(* Let $D\in\{D_1,D_2,\dots,D_8\}$. For every positive integer $v$ with $v\equiv 0\pmod{14}$, there exists a $D$-decomposition of $K^*_v$.
   Context: $K^*_v$ denotes the complete symmetric digraph of order $v$: it contains both arcs $(x,y)$ and $(y,x)$ for every pair of distinct vertices $x,y$. A $D$-decomposition of a digraph $K$ is a set of subdigraphs of $K$, each isomorphic to $D$, such that every arc of $K$ lies in exactly one of them. For distinct vertices $v_0,\dots,v_6$, the digraphs $D_i[v_0,v_1,\dots,v_6]$ ($i\in[1,8]$) all have vertex set $\{v_0,\dots,v_6\}$ and the following arc sets: $D_1$: $(v_1,v_0),(v_1,v_2),(v_2,v_3),(v_3,v_4),(v_4,v_5),(v_5,v_6),(v_6,v_0)$; $D_2$: $(v_1,v_0),(v_2,v_1),(v_2,v_3),(v_3,v_4),(v_4,v_5),(v_5,v_6),(v_6,v_0)$; $D_3$: $(v_1,v_0),(v_1,v_2),(v_3,v_2),(v_3,v_4),(v_4,v_5),(v_5,v_6),(v_6,v_0)$; $D_4$: $(v_1,v_0),(v_1,v_2),(v_2,v_3),(v_4,v_3),(v_4,v_5),(v_5,v_6),(v_6,v_0)$; $D_5$: $(v_1,v_0),(v_2,v_1),(v_3,v_2),(v_3,v_4),(v_4,v_5),(v_5,v_6),(v_6,v_0)$; $D_6$: $(v_1,v_0),(v_2,v_1),(v_2,v_3),(v_3,v_4),(v_5,v_4),(v_5,v_6),(v_6,v_0)$; $D_7$: $(v_1,v_0),(v_1,v_2),(v_3,v_2),(v_3,v_4),(v_4,v_5),(v_6,v_5),(v_6,v_0)$; $D_8$: $(v_1,v_0),(v_2,v_1),(v_2,v_3),(v_4,v_3),(v_4,v_5),(v_5,v_6),(v_6,v_0)$. $D_i$ also denotes the isomorphism type of $D_i[v_0,\dots,v_6]$. *)

theory Defs
  imports Main
begin

definition complete_sym_digraph :: "'a set \<Rightarrow> ('a \<times> 'a) set" where
  "complete_sym_digraph V = {(x, y). x \<in> V \<and> y \<in> V \<and> x \<noteq> y}"

text \<open>The digraphs D_1..D_8 as arc lists on the index set {0..6}
  (index j stands for vertex v_j).\<close>
fun D_pattern :: "nat \<Rightarrow> (nat \<times> nat) list" where
  "D_pattern (Suc 0) = [(1,0),(1,2),(2,3),(3,4),(4,5),(5,6),(6,0)]"
| "D_pattern (Suc (Suc 0)) = [(1,0),(2,1),(2,3),(3,4),(4,5),(5,6),(6,0)]"
| "D_pattern (Suc (Suc (Suc 0))) = [(1,0),(1,2),(3,2),(3,4),(4,5),(5,6),(6,0)]"
| "D_pattern (Suc (Suc (Suc (Suc 0)))) = [(1,0),(1,2),(2,3),(4,3),(4,5),(5,6),(6,0)]"
| "D_pattern (Suc (Suc (Suc (Suc (Suc 0))))) = [(1,0),(2,1),(3,2),(3,4),(4,5),(5,6),(6,0)]"
| "D_pattern (Suc (Suc (Suc (Suc (Suc (Suc 0)))))) = [(1,0),(2,1),(2,3),(3,4),(5,4),(5,6),(6,0)]"
| "D_pattern (Suc (Suc (Suc (Suc (Suc (Suc (Suc 0))))))) = [(1,0),(1,2),(3,2),(3,4),(4,5),(6,5),(6,0)]"
| "D_pattern (Suc (Suc (Suc (Suc (Suc (Suc (Suc (Suc 0)))))))) = [(1,0),(2,1),(2,3),(4,3),(4,5),(5,6),(6,0)]"
| "D_pattern _ = []"

definition D_copy :: "nat \<Rightarrow> (nat \<Rightarrow> 'a) \<Rightarrow> ('a \<times> 'a) set" where
  "D_copy i f = (\<lambda>(a, b). (f a, f b)) ` set (D_pattern i)"

text \<open>A subdigraph of K*_V isomorphic to D_i, given by its arc set (D_i has no
  isolated vertices, so the arc set determines the subdigraph): the image of
  D_i under an injective labelling of v_0..v_6 by distinct vertices of V.\<close>
definition is_D_copy_in :: "nat \<Rightarrow> 'a set \<Rightarrow> ('a \<times> 'a) set \<Rightarrow> bool" where
  "is_D_copy_in i V B \<longleftrightarrow>
     (\<exists>f. inj_on f {0..6::nat} \<and> f ` {0..6} \<subseteq> V \<and> B = D_copy i f)"

definition is_D_decomposition :: "nat \<Rightarrow> 'a set \<Rightarrow> ('a \<times> 'a) set set \<Rightarrow> bool" where
  "is_D_decomposition i V \<D> \<longleftrightarrow>
     (\<forall>B\<in>\<D>. is_D_copy_in i V B) \<and>
     (\<forall>e\<in>complete_sym_digraph V. \<exists>!B. B \<in> \<D> \<and> e \<in> B) \<and>
     \<Union>\<D> \<subseteq> complete_sym_digraph V"

end

theory Submission
  imports Defs
begin

text \<open>
  Write \<open>v = n + 1\<close> with \<open>n = 14T + 13\<close> and take the vertex set \<open>\<int>\<^sub>n \<union> {\<infinity>}\<close>.
  Suppose we are given copies of \<open>D\<^sub>i\<close> with vertices in \<open>\<int>\<^sub>n \<union> {\<infinity>}\<close> (base blocks),
  exactly one of which passes through \<open>\<infinity>\<close>, such that the differences \<open>y - x\<close> of the arcs
  \<open>(x, y)\<close> avoiding \<open>\<infinity>\<close> run through every nonzero residue modulo \<open>n\<close> exactly once.
  Then the \<open>n\<close> translates of the base blocks decompose \<open>K\<^sup>*\<^sub>v\<close>: an arc \<open>(x, y)\<close> of
  \<open>\<int>\<^sub>n\<close> lies in exactly one translate of the unique base arc with difference \<open>y - x\<close>,
  and since \<open>\<infinity>\<close> has in- and out-degree one in its block, the arcs at \<open>\<infinity>\<close> are covered too.
  We use \<open>2T + 2\<close> base blocks: \<open>\<infinity>\<close>, \<open>X\<close>, and \<open>A\<^sub>k\<close>, \<open>B\<^sub>k\<close> for \<open>1 \<le> k \<le> T\<close>; their arcs
  realise the differences \<open>\<plusminus>1, \<dots>, \<plusminus>(7T + 6)\<close>, one for each nonzero residue.
\<close>

section \<open>Developing rotational base blocks\<close>

lemma D_pattern_arc: "(a, b) \<in> set (D_pattern i) \<Longrightarrow> a \<le> 6 \<and> b \<le> 6 \<and> a \<noteq> b"
  by (induction i rule: D_pattern.induct) auto

lemma mem_D_copy: "e \<in> D_copy i f \<longleftrightarrow> (\<exists>(a, b)\<in>set (D_pattern i). e = (f a, f b))"
  unfolding D_copy_def by auto

definition avoiding_arcs :: "nat \<Rightarrow> nat \<Rightarrow> (nat \<times> nat) list" where
  "avoiding_arcs i m = filter (\<lambda>(a, b). a \<noteq> m \<and> b \<noteq> m) (D_pattern i)"

definition finite_arcs :: "nat \<Rightarrow> 'b set \<Rightarrow> 'b \<Rightarrow> nat \<Rightarrow> ('b \<times> nat \<times> nat) set" where
  "finite_arcs i I \<omega> m = (I - {\<omega>}) \<times> set (D_pattern i) \<union> {\<omega>} \<times> set (avoiding_arcs i m)"

fun arc_difference :: "('b \<Rightarrow> nat \<Rightarrow> int) \<Rightarrow> 'b \<times> nat \<times> nat \<Rightarrow> int" where
  "arc_difference pos (\<beta>, a, b) = pos \<beta> b - pos \<beta> a"

text \<open>
  The vertex \<open>n\<close> plays the role of \<open>\<infinity>\<close> and \<open>{0..<n}\<close> that of \<open>\<int>\<^sub>n\<close>. The base block
  \<open>\<beta> \<in> I\<close> puts \<open>v\<^sub>j\<close> at the residue of \<open>pos \<beta> j\<close>, except that in the block \<open>\<omega>\<close> the
  vertex \<open>v\<^sub>m\<close> is \<open>\<infinity>\<close> (so \<open>pos \<omega> m\<close> is irrelevant); \<open>label \<beta> s\<close> is its translate by \<open>s\<close>.
\<close>

locale rotational_base_blocks =
  fixes i n :: nat and I :: "'b set" and \<omega> :: 'b and m :: nat and pos :: "'b \<Rightarrow> nat \<Rightarrow> int"
  assumes n_pos: "n \<ge> 1"
    and \<omega>_block: "\<omega> \<in> I"
    and m_out: "\<exists>!b. (m, b) \<in> set (D_pattern i)"
    and m_in: "\<exists>!a. (a, m) \<in> set (D_pattern i)"
    and pos_inj: "\<And>\<beta>. \<beta> \<in> I \<Longrightarrow> \<beta> \<noteq> \<omega> \<Longrightarrow> inj_on (\<lambda>j. pos \<beta> j mod int n) {0..6}"
    and pos_inj_\<omega>: "inj_on (\<lambda>j. pos \<omega> j mod int n) ({0..6} - {m})"
    and differences_bij:
      "bij_betw (\<lambda>z. arc_difference pos z mod int n) (finite_arcs i I \<omega> m) {1..<int n}"
begin

definition label :: "'b \<Rightarrow> nat \<Rightarrow> nat \<Rightarrow> nat" where
  "label \<beta> s j = (if \<beta> = \<omega> \<and> j = m then n else nat ((pos \<beta> j + int s) mod int n))"

definition development :: "(nat \<times> nat) set set" where
  "development = (\<lambda>(\<beta>, s). D_copy i (label \<beta> s)) ` (I \<times> {..<n})"

lemma label_finite: "\<beta> \<noteq> \<omega> \<or> j \<noteq> m \<Longrightarrow> int (label \<beta> s j) = (pos \<beta> j + int s) mod int n"
  using n_pos unfolding label_def by auto

lemma label_lt: "\<beta> \<noteq> \<omega> \<or> j \<noteq> m \<Longrightarrow> label \<beta> s j < n"
proof -
  assume "\<beta> \<noteq> \<omega> \<or> j \<noteq> m"
  then have "int (label \<beta> s j) < int n" using label_finite n_pos by simp
  then show ?thesis by simp
qed

lemma label_eq_n: "label \<beta> s j = n \<longleftrightarrow> \<beta> = \<omega> \<and> j = m"
  using label_lt[of \<beta> j s] by (auto simp: label_def)

lemma label_le: "label \<beta> s j \<le> n"
  using label_lt label_eq_n by (metis le_less)

lemma label_shift_inj:
  assumes "\<beta> \<noteq> \<omega> \<or> j \<noteq> m" "label \<beta> s j = label \<beta> s' j" "s < n" "s' < n"
  shows "s = s'"
proof -
  have "(int s + pos \<beta> j) mod int n = (int s' + pos \<beta> j) mod int n"
    using assms(2) label_finite[OF assms(1)] by (metis add.commute)
  then have "int s mod int n = int s' mod int n" by (simp add: mod_eq_dvd_iff)
  with assms(3,4) show ?thesis by (simp add: zmod_int)
qed

lemma label_shift_surj:
  assumes "\<beta> \<noteq> \<omega> \<or> j \<noteq> m" "x < n"
  obtains s where "s < n" "label \<beta> s j = x"
proof
  let ?s = "nat ((int x - pos \<beta> j) mod int n)"
  show "?s < n" using n_pos by (simp add: nat_less_iff)
  have "int (label \<beta> ?s j) = (pos \<beta> j + (int x - pos \<beta> j) mod int n) mod int n"
    using label_finite[OF assms(1)] n_pos by simp
  also have "\<dots> = int x" using assms(2) by (simp add: mod_add_right_eq)
  finally show "label \<beta> ?s j = x" by simp
qed

lemma label_inj: "\<beta> \<in> I \<Longrightarrow> inj_on (label \<beta> s) {0..6}"
proof (rule inj_onI)
  fix j j' assume \<beta>: "\<beta> \<in> I" and j: "j \<in> {0..6}" "j' \<in> {0..6}" and eq: "label \<beta> s j = label \<beta> s j'"
  show "j = j'"
  proof (cases "\<beta> = \<omega> \<and> (j = m \<or> j' = m)")
    case True
    then show ?thesis using eq label_eq_n by metis
  next
    case False
    then have "(pos \<beta> j + int s) mod int n = (pos \<beta> j' + int s) mod int n"
      using eq label_finite by metis
    then have "pos \<beta> j mod int n = pos \<beta> j' mod int n" by (simp add: mod_eq_dvd_iff)
    then show ?thesis
      using False j pos_inj[OF \<beta>] pos_inj_\<omega> by (cases "\<beta> = \<omega>") (auto dest: inj_onD)
  qed
qed

lemma label_difference:
  assumes "\<beta> \<noteq> \<omega> \<or> a \<noteq> m" "\<beta> \<noteq> \<omega> \<or> b \<noteq> m"
  shows "(int (label \<beta> s b) - int (label \<beta> s a)) mod int n = (pos \<beta> b - pos \<beta> a) mod int n"
  unfolding label_finite[OF assms(1)] label_finite[OF assms(2)]
  by (simp add: mod_diff_eq)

> **Exercise details**: For every line in the listing above that contains "subseteq", copy that line.

> **Task result**:
     (\<exists>f. inj_on f {0..6::nat} \<and> f ` {0..6} \<subseteq> V \<and> B = D_copy i f)"
     \<Union>\<D> \<subseteq> complete_sym_digraph V"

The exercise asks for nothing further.